**Your goal**. Print, in exact form, the lines below from the one containing "(\<lambda>\<mu>. measure (H \<mu> \<Otimes>\<^sub>M" through the one containing "using assms finite_bool_list_pairs[of", and omit all others.

**Dataset**.
(* Let $R_1\xleftarrow{f}R_{12}\xrightarrow{g}R_2$ be a weakly admissible correspondence in $\mathrm{DGRings}^{0,-1}$. Then: (i) $f$ is surjective; (ii) $\ker f$ is acyclic; (iii) the DG ideal $I\subset R_{12}$ generated by $\ker(R_{12}^{-1}\to R_1^{-1}\times R_2^{-1})$ is acyclic; (iv) the correspondence $R_1\leftarrow R_{12}/I\to R_2$ (with maps induced by $f,g$) is the admissibilization $\mathrm{Adm}$ of the given correspondence.
   Context: Rings are commutative and unital. $\mathrm{DGRings}^{0,-1}$ is the category of commutative DG rings $R$ with $R^i=0$ for $i\ne 0,-1$. Equivalently, such $R$ is a ring $R^0$, an $R^0$-module $R^{-1}$ and an $R^0$-linear $d:R^{-1}\to R^0$ with $d(x)y=d(y)x$. Quasi-isomorphisms are morphisms inducing isomorphisms on $\ker d$ and $\operatorname{coker} d$. A correspondence is a diagram $R_1\xleftarrow{f}R_{12}\xrightarrow{g}R_2$ in $\mathrm{DGRings}^{0,-1}$. Morphisms are maps $h$ of middle terms with $f'h=f$, $g'h=g$. A correspondence is admissible (resp. weakly admissible) if $f$ is a quasi-isomorphism and $R_{12}^{-1}\to R_1^{-1}\times R_2^{-1}$ is an isomorphism (resp. surjective). It is an anamorphism if $f$ is a surjective quasi-isomorphism. Weakly admissible correspondences are anamorphisms. $\mathrm{Adm}$ denotes the left adjoint of the inclusion of admissible correspondences into anamorphisms (from $R_1$ to $R_2$). *)

theory Defs
  imports "HOL-Algebra.Algebra"
begin
(* For all $f,g\in\mathcal B_1(2^\omega)$, $f\le_{\mathbf{tt1}} g$ if and only if $|f|_\alpha\le|g|_\alpha$.
   Context: $\mathcal B_1(2^\omega)$: functions $2^\omega\to\mathbb R$ that are pointwise limits of sequences of continuous functions. Optimal derivation sequence: for $\mathcal C\subseteq\mathcal P(X)$, $X$ a compact metric space, define $P^0=X$, $P^{\nu+1}=P^\nu\setminus\bigcup\{U\subseteq X \text{ open}: P^\nu\cap U\subseteq C\text{ for some }C\in\mathcal C\}$, and $P^\lambda=\bigcap_{\nu<\lambda}P^\nu$ for limit $\lambda$. Bourgain rank: for $f\in\mathcal B_1(2^\omega)$, $p\in\mathbb Q$, $\varepsilon\in\mathbb Q^+$, let $P^\nu_{f,p,\varepsilon}$ be the optimal derivation sequence for $\{f^{-1}((-\infty,p+\varepsilon)),f^{-1}((p-\varepsilon,\infty))\}$, let $\alpha(f,p,\varepsilon)$ be the least $\nu$ with $P^\nu_{f,p,\varepsilon}=\emptyset$, and $|f|_\alpha=\sup_{p,\varepsilon}\alpha(f,p,\varepsilon)$. Questions: for $y\in\mathbb R$, $p\in\mathbb Q$, $\varepsilon\in\mathbb Q^+$, a bit $b\in\{0,1\}$ is a correct answer to "$y\lesssim_\varepsilon p$" if either $b=1$ and $y<p+\varepsilon$, or $b=0$ and $y>p-\varepsilon$. $f\le_{\mathbf{tt1}} g$ means: for every $p\in\mathbb Q,\varepsilon\in\mathbb Q^+$ there are a continuous $k:2^\omega\to2^\omega$, $q\in\mathbb Q$, $\delta\in\mathbb Q^+$, $r\in\omega$ and $h:2^{r+1}\to\{0,1\}$ such that for every $A\in2^\omega$, if $b$ is a correct answer to $g(k(A))\lesssim_\delta q$ then $h(A\upharpoonright r,b)$ is a correct answer to $f(A)\lesssim_\varepsilon p$. *)

theory Defs
  imports "HOL-Analysis.Analysis"
begin

text \<open>All ranks involved are countable ordinals. We index transfinite sequences by an
uncountable well-order (a well-ordering of the reals), which contains (an initial segment
isomorphic to) all countable ordinals.\<close>

definition wo_real :: "real rel" where
  "wo_real = (SOME r. well_order_on UNIV r)"

lemma wo_real: "well_order_on UNIV wo_real"
  unfolding wo_real_def by (rule someI_ex) (rule well_order_on)

typedef cord = "UNIV :: real set" by simp

instantiation cord :: linorder
begin
definition less_eq_cord :: "cord \<Rightarrow> cord \<Rightarrow> bool" where
  "less_eq_cord x y \<longleftrightarrow> (Rep_cord x, Rep_cord y) \<in> wo_real"
definition less_cord :: "cord \<Rightarrow> cord \<Rightarrow> bool" where
  "less_cord x y \<longleftrightarrow> x \<le> y \<and> x \<noteq> y"
instance
proof
  have W: "well_order_on UNIV wo_real" by (rule wo_real)
  then have refl: "refl_on UNIV wo_real" and tr: "trans wo_real"
    and an: "antisym wo_real" and tot: "total_on UNIV wo_real"
    unfolding well_order_on_def linear_order_on_def partial_order_on_def preorder_on_def
    by auto
  fix x y z :: cord
  show "(x < y) = (x \<le> y \<and> \<not> y \<le> x)"
    using an Rep_cord_inject unfolding less_cord_def less_eq_cord_def antisym_def by blast
  show "x \<le> x" using refl unfolding less_eq_cord_def refl_on_def by auto
  show "x \<le> y \<Longrightarrow> y \<le> z \<Longrightarrow> x \<le> z"
    using tr unfolding less_eq_cord_def trans_def by blast
  show "x \<le> y \<Longrightarrow> y \<le> x \<Longrightarrow> x = y"
    using an Rep_cord_inject unfolding less_eq_cord_def antisym_def by blast
  show "x \<le> y \<or> y \<le> x"
    using tot refl Rep_cord_inject unfolding less_eq_cord_def total_on_def refl_on_def
    by (cases "Rep_cord x = Rep_cord y") auto
qed
end

instance cord :: wellorder
proof
  fix P :: "cord \<Rightarrow> bool" and a :: cord
  assume step: "\<And>x. (\<And>y. y < x \<Longrightarrow> P y) \<Longrightarrow> P x"
  have wf: "wf (wo_real - Id)" using wo_real unfolding well_order_on_def by auto
  have "\<forall>x. Rep_cord x = r \<longrightarrow> P x" for r
  proof (induct r rule: wf_induct[OF wf])
    case (1 r)
    show ?case
    proof (intro allI impI)
      fix x assume xr: "Rep_cord x = r"
      show "P x"
      proof (rule step)
        fix y assume "y < x"
        then have "(Rep_cord y, r) \<in> wo_real - Id"
          using xr Rep_cord_inject unfolding less_cord_def less_eq_cord_def by auto
        then show "P y" using 1 by blast
      qed
    qed
  qed
  then show "P a" by blast
qed

text \<open>Cantor space \<open>2^\<omega>\<close> is \<open>nat \<Rightarrow> bool\<close> with the product topology
(bool carries the discrete topology).\<close>

type_synonym cantor = "nat \<Rightarrow> bool"

definition baire1 :: "(cantor \<Rightarrow> real) \<Rightarrow> bool" where
  "baire1 f \<longleftrightarrow> (\<exists>F :: nat \<Rightarrow> cantor \<Rightarrow> real.
      (\<forall>n. continuous_on UNIV (F n)) \<and> (\<forall>x. (\<lambda>n. F n x) \<longlonglongrightarrow> f x))"

definition deriv_step :: "'a::topological_space set set \<Rightarrow> 'a set \<Rightarrow> 'a set" where
  "deriv_step \<C> P = P - \<Union>{U. open U \<and> (\<exists>C\<in>\<C>. P \<inter> U \<subseteq> C)}"

text \<open>The transfinite sequence \<open>P^\<nu>\<close> (with \<open>X = UNIV\<close>), indexed by a well-ordered type:
\<open>P^0 = X\<close>, \<open>P^{\<nu>+1} = deriv_step (P^\<nu>)\<close>, \<open>P^\<lambda> = \<Inter>_{\<nu><\<lambda>} P^\<nu>\<close>.\<close>
definition opt_deriv :: "'a::topological_space set set \<Rightarrow> 'i::wellorder \<Rightarrow> 'a set" where
  "opt_deriv \<C> = wfrec {(x, y). x < y} (\<lambda>R \<nu>.
     if (\<forall>x. \<nu> \<le> x) then UNIV
     else if (\<exists>\<mu>. \<mu> < \<nu> \<and> \<not> (\<exists>x. \<mu> < x \<and> x < \<nu>))
       then deriv_step \<C> (R (THE \<mu>. \<mu> < \<nu> \<and> \<not> (\<exists>x. \<mu> < x \<and> x < \<nu>)))
     else \<Inter>{R \<mu> | \<mu>. \<mu> < \<nu>})"

definition alpha_rank :: "(cantor \<Rightarrow> real) \<Rightarrow> rat \<Rightarrow> rat \<Rightarrow> cord" where
  "alpha_rank f p \<epsilon> = (LEAST \<nu>. opt_deriv
      {f -` {..< real_of_rat (p + \<epsilon>)}, f -` {real_of_rat (p - \<epsilon>) <..}} \<nu> = {})"

definition bourgain_rank :: "(cantor \<Rightarrow> real) \<Rightarrow> cord" where
  "bourgain_rank f = (LEAST \<nu>. \<forall>p \<epsilon>. \<epsilon> > 0 \<longrightarrow> alpha_rank f p \<epsilon> \<le> \<nu>)"

text \<open>Bit \<open>1\<close> is \<open>True\<close>, bit \<open>0\<close> is \<open>False\<close>.\<close>
definition correct_answer :: "real \<Rightarrow> rat \<Rightarrow> rat \<Rightarrow> bool \<Rightarrow> bool" where
  "correct_answer y p \<epsilon> b \<longleftrightarrow>
     (b \<and> y < real_of_rat (p + \<epsilon>)) \<or> (\<not> b \<and> y > real_of_rat (p - \<epsilon>))"

text \<open>\<open>A\<restriction>r\<close> is rendered as the list \<open>[A 0, \<dots>, A (r-1)]\<close>; \<open>h : 2^{r+1} \<rightarrow> 2\<close> as a
function of that list and the extra bit.\<close>
definition tt1_le :: "(cantor \<Rightarrow> real) \<Rightarrow> (cantor \<Rightarrow> real) \<Rightarrow> bool" where
  "tt1_le f g \<longleftrightarrow> (\<forall>p \<epsilon>. \<epsilon> > 0 \<longrightarrow>
     (\<exists>(k :: cantor \<Rightarrow> cantor) (q :: rat) (\<delta> :: rat) (r :: nat) (h :: bool list \<Rightarrow> bool \<Rightarrow> bool).
        continuous_on UNIV k \<and> \<delta> > 0 \<and>
        (\<forall>A b. correct_answer (g (k A)) q \<delta> b \<longrightarrow>
               correct_answer (f A) p \<epsilon> (h (map A [0..<r]) b))))"
(* Let $n$ be even and let $G=D_n$ be the dihedral group of order $2n$. Let $H\le G$ be a subgroup isomorphic to a dihedral group, of index $2$ in $G$, and whose order is divisible by $4$. Then the restriction map $\operatorname{Res}:H^3(G,\mathbb{Z})\to H^3(H,\mathbb{Z})$ is injective.
   Context: $D_n=\langle r,s\mid r^n=s^2=e,\ srs=r^{-1}\rangle$. $\mathbb{Z}$ is the trivial $G$-module. *)

theory Defs
  imports "HOL-Algebra.Algebra"
begin

text \<open>Concrete model of the dihedral group D_n of order 2n:
  the pair (a, b) stands for r^a s^b with 0 <= a < n, where b = True means the factor s is present.
  Using s r^c = r^(-c) s we get (r^a s^b)(r^c s^d) = r^(a + (if b then -c else c)) s^(b+d).\<close>
definition dihedral_group :: "nat \<Rightarrow> (nat \<times> bool) monoid" where
  "dihedral_group n =
     \<lparr> carrier = {0..<n} \<times> (UNIV :: bool set),
       monoid.mult = (\<lambda>(a, b) (c, d). ((if b then a + n - c else a + c) mod n, b \<noteq> d)),
       monoid.one = (0, False) \<rparr>"

text \<open>Inhomogeneous (bar-resolution) cochains of G with values in the trivial module Z:
  a k-cochain is a function on lists of length k of elements of carrier G.\<close>
definition cobdry :: "('a, 'b) monoid_scheme \<Rightarrow> nat \<Rightarrow> ('a list \<Rightarrow> int) \<Rightarrow> 'a list \<Rightarrow> int" where
  "cobdry G k f xs =
     f (tl xs)
     + (\<Sum>i\<in>{1..k}. (-1) ^ i * f (take (i - 1) xs @ [xs ! (i - 1) \<otimes>\<^bsub>G\<^esub> xs ! i] @ drop (i + 1) xs))
     + (-1) ^ (k + 1) * f (take k xs)"

definition cocycle :: "('a, 'b) monoid_scheme \<Rightarrow> nat \<Rightarrow> ('a list \<Rightarrow> int) \<Rightarrow> bool" where
  "cocycle G k f \<longleftrightarrow>
     (\<forall>xs. set xs \<subseteq> carrier G \<and> length xs = Suc k \<longrightarrow> cobdry G k f xs = 0)"

definition is_coboundary :: "('a, 'b) monoid_scheme \<Rightarrow> nat \<Rightarrow> ('a list \<Rightarrow> int) \<Rightarrow> bool" where
  "is_coboundary G k f \<longleftrightarrow>
     (\<exists>h. \<forall>xs. set xs \<subseteq> carrier G \<and> length xs = Suc k \<longrightarrow> f xs = cobdry G k h xs)"

text \<open>Two (k+1)-cochains represent the same class in H^(k+1)(G,Z).\<close>
definition cohomologous :: "('a, 'b) monoid_scheme \<Rightarrow> nat \<Rightarrow> ('a list \<Rightarrow> int) \<Rightarrow> ('a list \<Rightarrow> int) \<Rightarrow> bool" where
  "cohomologous G k f g \<longleftrightarrow> is_coboundary G k (\<lambda>xs. f xs - g xs)"

end

theory Submission
  imports Defs
begin

text \<open>Let \<phi> = f - g. Averaging over the last argument writes \<phi> = d\<theta> with \<theta> rational, so
  \<theta> mod Z is a Q/Z-valued 2-cocycle, i.e. a central extension E of D_n by Q/Z, and \<phi> is an
  integral coboundary as soon as E splits. As Q/Z is divisible, r and s have lifts R and S with
  R^n = S^2 = 1; writing (S R)^2 = \<gamma>, the obstruction to correcting R so that also (S R)^2 = 1
  is (n/2) \<gamma> mod Z, and it vanishes once R^(n/2) commutes with S. An index-two subgroup H with
  4 dividing |H| contains the central rotation r^(n/2) and a reflection commuting with it; since
  \<phi> restricted to H is a coboundary d k, the rational 2-cocycle \<theta> - k of H is symmetric on
  this commuting pair, which is exactly what makes the two lifts commute.\<close>

lemma dihedral_group_mult:
  "(a, b) \<otimes>\<^bsub>dihedral_group n\<^esub> (c, d) = ((if b then a + n - c else a + c) mod n, b \<noteq> d)"
  by (simp add: dihedral_group_def)

lemma carrier_dihedral_group: "carrier (dihedral_group n) = {0..<n} \<times> UNIV"
  by (simp add: dihedral_group_def)

lemma one_dihedral_group: "\<one>\<^bsub>dihedral_group n\<^esub> = (0, False)"
  by (simp add: dihedral_group_def)

lemma int_fst_dihedral_group_mult:
  assumes "c < n"
  shows "int (fst ((a, b) \<otimes>\<^bsub>dihedral_group n\<^esub> (c, d)))
           = (if b then int a - int c else int a + int c) mod int n"
proof -
  have "int ((a + n - c) mod n) = (int a + int n - int c) mod int n"
    using assms by (simp add: zmod_int of_nat_diff)
  also have "\<dots> = (int a - int c) mod int n"
    by (metis add.commute add_diff_eq mod_add_self1)
  finally show ?thesis by (simp add: dihedral_group_mult zmod_int)
qed

lemma group_dihedral_group:
  assumes "n > 0"
  shows "group (dihedral_group n)"
proof (rule groupI)
  let ?D = "dihedral_group n"
  show "x \<otimes>\<^bsub>?D\<^esub> y \<in> carrier ?D" if "x \<in> carrier ?D" "y \<in> carrier ?D" for x y
    using that assms by (auto simp: dihedral_group_mult carrier_dihedral_group)
  show "\<one>\<^bsub>?D\<^esub> \<in> carrier ?D"
    using assms by (simp add: one_dihedral_group carrier_dihedral_group)
  show "\<one>\<^bsub>?D\<^esub> \<otimes>\<^bsub>?D\<^esub> x = x" if "x \<in> carrier ?D" for x
    using that by (auto simp: dihedral_group_mult carrier_dihedral_group one_dihedral_group)
  show "\<exists>y\<in>carrier ?D. y \<otimes>\<^bsub>?D\<^esub> x = \<one>\<^bsub>?D\<^esub>" if x_in: "x \<in> carrier ?D" for x
  proof -
    obtain a b where x: "x = (a, b)" "a < n"
      using x_in by (cases x) (auto simp: carrier_dihedral_group)
    show ?thesis
    proof (cases b)
      case True
      with x show ?thesis
        by (intro bexI[of _ "(a, True)"])
           (auto simp: dihedral_group_mult one_dihedral_group carrier_dihedral_group)
    next
      case False
      with x assms show ?thesis
        by (intro bexI[of _ "((n - a) mod n, False)"])
           (auto simp: dihedral_group_mult one_dihedral_group carrier_dihedral_group mod_add_left_eq)
    qed
  qed
  show "(x \<otimes>\<^bsub>?D\<^esub> y) \<otimes>\<^bsub>?D\<^esub> z = x \<otimes>\<^bsub>?D\<^esub> (y \<otimes>\<^bsub>?D\<^esub> z)"
    if xyz_in: "x \<in> carrier ?D" "y \<in> carrier ?D" "z \<in> carrier ?D" for x y z
  proof -
    obtain a b c d e f where xyz: "x = (a, b)" "y = (c, d)" "z = (e, f)" "c < n" "e < n"
      using xyz_in by (cases x; cases y; cases z) (auto simp: carrier_dihedral_group)
    let ?p = "(a, b) \<otimes>\<^bsub>?D\<^esub> (c, d)" and ?q = "(c, d) \<otimes>\<^bsub>?D\<^esub> (e, f)"
    have p: "?p = (fst ?p, b \<noteq> d)" and q: "?q = (fst ?q, d \<noteq> f)"
      by (simp_all add: dihedral_group_mult)
    have "fst ?q < n"
      using assms by (simp add: dihedral_group_mult)
    have "int (fst (?p \<otimes>\<^bsub>?D\<^esub> (e, f)))
            = (if b \<noteq> d then int (fst ?p) - int e else int (fst ?p) + int e) mod int n"
      by (subst p) (rule int_fst_dihedral_group_mult[OF \<open>e < n\<close>])
    also have "\<dots> = (if b then int a - int (fst ?q) else int a + int (fst ?q)) mod int n"
      unfolding int_fst_dihedral_group_mult[OF \<open>c < n\<close>] int_fst_dihedral_group_mult[OF \<open>e < n\<close>]
      by (cases b; cases d; simp add: mod_simps algebra_simps)
    also have "\<dots> = int (fst ((a, b) \<otimes>\<^bsub>?D\<^esub> ?q))"
      by (subst q) (rule int_fst_dihedral_group_mult[OF \<open>fst ?q < n\<close>, symmetric])
    finally have "fst (?p \<otimes>\<^bsub>?D\<^esub> (e, f)) = fst ((a, b) \<otimes>\<^bsub>?D\<^esub> ?q)"
      by simp
    moreover have "snd (?p \<otimes>\<^bsub>?D\<^esub> (e, f)) = snd ((a, b) \<otimes>\<^bsub>?D\<^esub> ?q)"
      by (simp add: dihedral_group_mult) blast
    ultimately show ?thesis
      unfolding xyz by (simp add: prod_eq_iff)
  qed
qed

lemma dihedral_group_rotation_pow:
  assumes "n > 1"
  shows "(Suc 0, False) [^]\<^bsub>dihedral_group n\<^esub> (k::nat) = (k mod n, False)"
proof (induction k)
  case 0
  then show ?case by (simp add: one_dihedral_group)
next
  case (Suc k)
  then show ?case by (simp add: dihedral_group_mult mod_Suc_eq)
qed

lemma cobdry_2:
  "cobdry G 2 f [x, y, z] = f [y, z] - f [x \<otimes>\<^bsub>G\<^esub> y, z] + f [x, y \<otimes>\<^bsub>G\<^esub> z] - f [x, y]"
  by (simp add: cobdry_def numeral_2_eq_2)

lemma cobdry_3:
  "cobdry G 3 f [w, x, y, z]
     = f [x, y, z] - f [w \<otimes>\<^bsub>G\<^esub> x, y, z] + f [w, x \<otimes>\<^bsub>G\<^esub> y, z]
       - f [w, x, y \<otimes>\<^bsub>G\<^esub> z] + f [w, x, y]"
  by (simp add: cobdry_def numeral_3_eq_3)

lemma cobdry_diff:
  "cobdry G k (\<lambda>xs. f xs - g xs) xs = cobdry G k f xs - cobdry G k g xs"
  by (simp add: cobdry_def sum_subtractf algebra_simps)

lemma cocycle_diff:
  "cocycle G k f \<Longrightarrow> cocycle G k g \<Longrightarrow> cocycle G k (\<lambda>xs. f xs - g xs)"
  by (simp add: cocycle_def cobdry_diff)

lemma (in group) sum_left_translate:
  "a \<in> carrier G \<Longrightarrow> (\<Sum>g\<in>carrier G. F (a \<otimes> g)) = (\<Sum>g\<in>carrier G. F g)"
  using sum.reindex[OF inj_on_cmult, of a F] by (simp add: surj_const_mult)

lemma (in group) nat_pow_mod:
  assumes "x \<in> carrier G" "x [^] (n::nat) = \<one>"
  shows "x [^] k = x [^] (k mod n)"
proof -
  have "x [^] k = (x [^] n) [^] (k div n) \<otimes> x [^] (k mod n)"
    using assms(1) by (simp add: nat_pow_pow nat_pow_mult)
  with assms show ?thesis by simp
qed

lemma (in group) involution_conj_pow:
  assumes "s \<in> carrier G" "x \<in> carrier G" "s \<otimes> s = \<one>"
  shows "s \<otimes> x [^] (k::nat) \<otimes> s = (s \<otimes> x \<otimes> s) [^] k"
proof (induction k)
  case 0
  then show ?case using assms by simp
next
  case (Suc k)
  have s_s_y: "s \<otimes> (s \<otimes> y) = y" if "y \<in> carrier G" for y
    using assms that by (simp flip: m_assoc)
  have "(s \<otimes> x [^] k \<otimes> s) \<otimes> (s \<otimes> x \<otimes> s) = s \<otimes> x [^] k \<otimes> (s \<otimes> s) \<otimes> x \<otimes> s"
    using assms by (simp add: m_assoc s_s_y)
  then have "s \<otimes> x [^] Suc k \<otimes> s = (s \<otimes> x [^] k \<otimes> s) \<otimes> (s \<otimes> x \<otimes> s)"
    using assms by (simp add: m_assoc)
  with Suc show ?case by simp
qed

definition avg_cochain :: "('a, 'b) monoid_scheme \<Rightarrow> ('a list \<Rightarrow> int) \<Rightarrow> 'a list \<Rightarrow> rat" where
  "avg_cochain G \<phi> xs = - (\<Sum>g\<in>carrier G. of_int (\<phi> (xs @ [g]))) / of_nat (card (carrier G))"
lemma continuous_map_measure_prefix_event:
  assumes "cylinder_continuous H"
  shows "continuous_map weak_topology euclideanreal (\<lambda>\<mu>. measure (H \<mu>) {y. P (prefix_word y n)})"
proof (rule continuous_map_eq)
  show "continuous_map weak_topology euclideanreal
      (\<lambda>\<mu>. \<Sum>b | length b = n \<and> P b. measure (H \<mu>) (cylinder b))"
    using assms finite_bool_lists by (intro continuous_map_sum) (auto simp: cylinder_continuous_def)
  show "(\<Sum>b | length b = n \<and> P b. measure (H \<mu>) (cylinder b)) = measure (H \<mu>) {y. P (prefix_word y n)}"
    if "\<mu> \<in> topspace weak_topology" for \<mu>
    using that assms by (simp add: measure_prefix_event topspace_weak_topology cylinder_continuous_def)
qed

lemma continuous_map_measure_pair_prefix_event:
  assumes "cylinder_continuous H"
  shows "continuous_map weak_topology euclideanreal
    (\<lambda>\<mu>. measure (H \<mu> \<Otimes>\<^sub>M H \<mu>) {(y, z). P (prefix_word y n) (prefix_word z n)})"
proof (rule continuous_map_eq)
  show "continuous_map weak_topology euclideanreal (\<lambda>\<mu>.
      \<Sum>(b, c) | length b = n \<and> length c = n \<and> P b c. measure (H \<mu>) (cylinder b) * measure (H \<mu>) (cylinder c))"
    using assms finite_bool_list_pairs[of n P]
    by (intro continuous_map_sum)
      (auto intro!: continuous_map_real_mult simp: cylinder_continuous_def case_prod_unfold)
  show "(\<Sum>(b, c) | length b = n \<and> length c = n \<and> P b c. measure (H \<mu>) (cylinder b) * measure (H \<mu>) (cylinder c))
      = measure (H \<mu> \<Otimes>\<^sub>M H \<mu>) {(y, z). P (prefix_word y n) (prefix_word z n)}"
    if "\<mu> \<in> topspace weak_topology" for \<mu>
    using that assms by (simp add: measure_pair_prefix_event topspace_weak_topology cylinder_continuous_def)
qed

lemma cylinder_continuous_F_b:
  assumes "cylinder_continuous H"
  shows "cylinder_continuous (F_b \<circ> H)"
  unfolding cylinder_continuous_def
proof (intro conjI allI ballI)
  show "(F_b \<circ> H) \<mu> \<in> laws" if "\<mu> \<in> laws" for \<mu>
    using that assms by (simp add: F_b_law cylinder_continuous_def)
  fix a
  let ?P = "\<lambda>w. \<forall>i<length a. (w ! i \<or> w ! Suc i) = a ! i"
  have preimage: "Phi_b -` cylinder a = {y. ?P (prefix_word y (Suc (length a)))}"
    by (simp add: set_eq_iff mem_cylinder_iff Phi_b_def)
  show "continuous_map weak_topology euclideanreal (\<lambda>\<mu>. measure ((F_b \<circ> H) \<mu>) (cylinder a))"
  proof (rule continuous_map_eq[OF continuous_map_measure_prefix_event[OF assms]])
    show "measure (H \<mu>) {y. ?P (prefix_word y (Suc (length a)))} = measure ((F_b \<circ> H) \<mu>) (cylinder a)"
      if "\<mu> \<in> topspace weak_topology" for \<mu>
      using that assms by (simp add: measure_F_b preimage topspace_weak_topology cylinder_continuous_def)
  qed
qed

lemma cylinder_continuous_F_A:
  assumes "cylinder_continuous H"
  shows "cylinder_continuous (F_A \<circ> H)"
  unfolding cylinder_continuous_def
proof (intro conjI allI ballI)
  show "(F_A \<circ> H) \<mu> \<in> laws" if "\<mu> \<in> laws" for \<mu>
    using that assms by (simp add: F_A_law cylinder_continuous_def)
  fix a
  let ?P = "\<lambda>b c. \<forall>i<length a. (b ! i \<and> c ! i) = a ! i"
  have preimage: "(\<lambda>(y, z). Phi_A y z) -` cylinder a =
      {(y, z). ?P (prefix_word y (length a)) (prefix_word z (length a))}"
    by (simp add: set_eq_iff mem_cylinder_iff Phi_A_def)
  show "continuous_map weak_topology euclideanreal (\<lambda>\<mu>. measure ((F_A \<circ> H) \<mu>) (cylinder a))"
  proof (rule continuous_map_eq[OF continuous_map_measure_pair_prefix_event[OF assms]])
    show "measure (H \<mu> \<Otimes>\<^sub>M H \<mu>) {(y, z). ?P (prefix_word y (length a)) (prefix_word z (length a))}
        = measure ((F_A \<circ> H) \<mu>) (cylinder a)"
      if "\<mu> \<in> topspace weak_topology" for \<mu>
      using that assms by (simp add: measure_F_A preimage topspace_weak_topology cylinder_continuous_def)
  qed
qed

**Result of the exercise**.
    (\<lambda>\<mu>. measure (H \<mu> \<Otimes>\<^sub>M H \<mu>) {(y, z). P (prefix_word y n) (prefix_word z n)})"
proof (rule continuous_map_eq)
  show "continuous_map weak_topology euclideanreal (\<lambda>\<mu>.
      \<Sum>(b, c) | length b = n \<and> length c = n \<and> P b c. measure (H \<mu>) (cylinder b) * measure (H \<mu>) (cylinder c))"
    using assms finite_bool_list_pairs[of n P]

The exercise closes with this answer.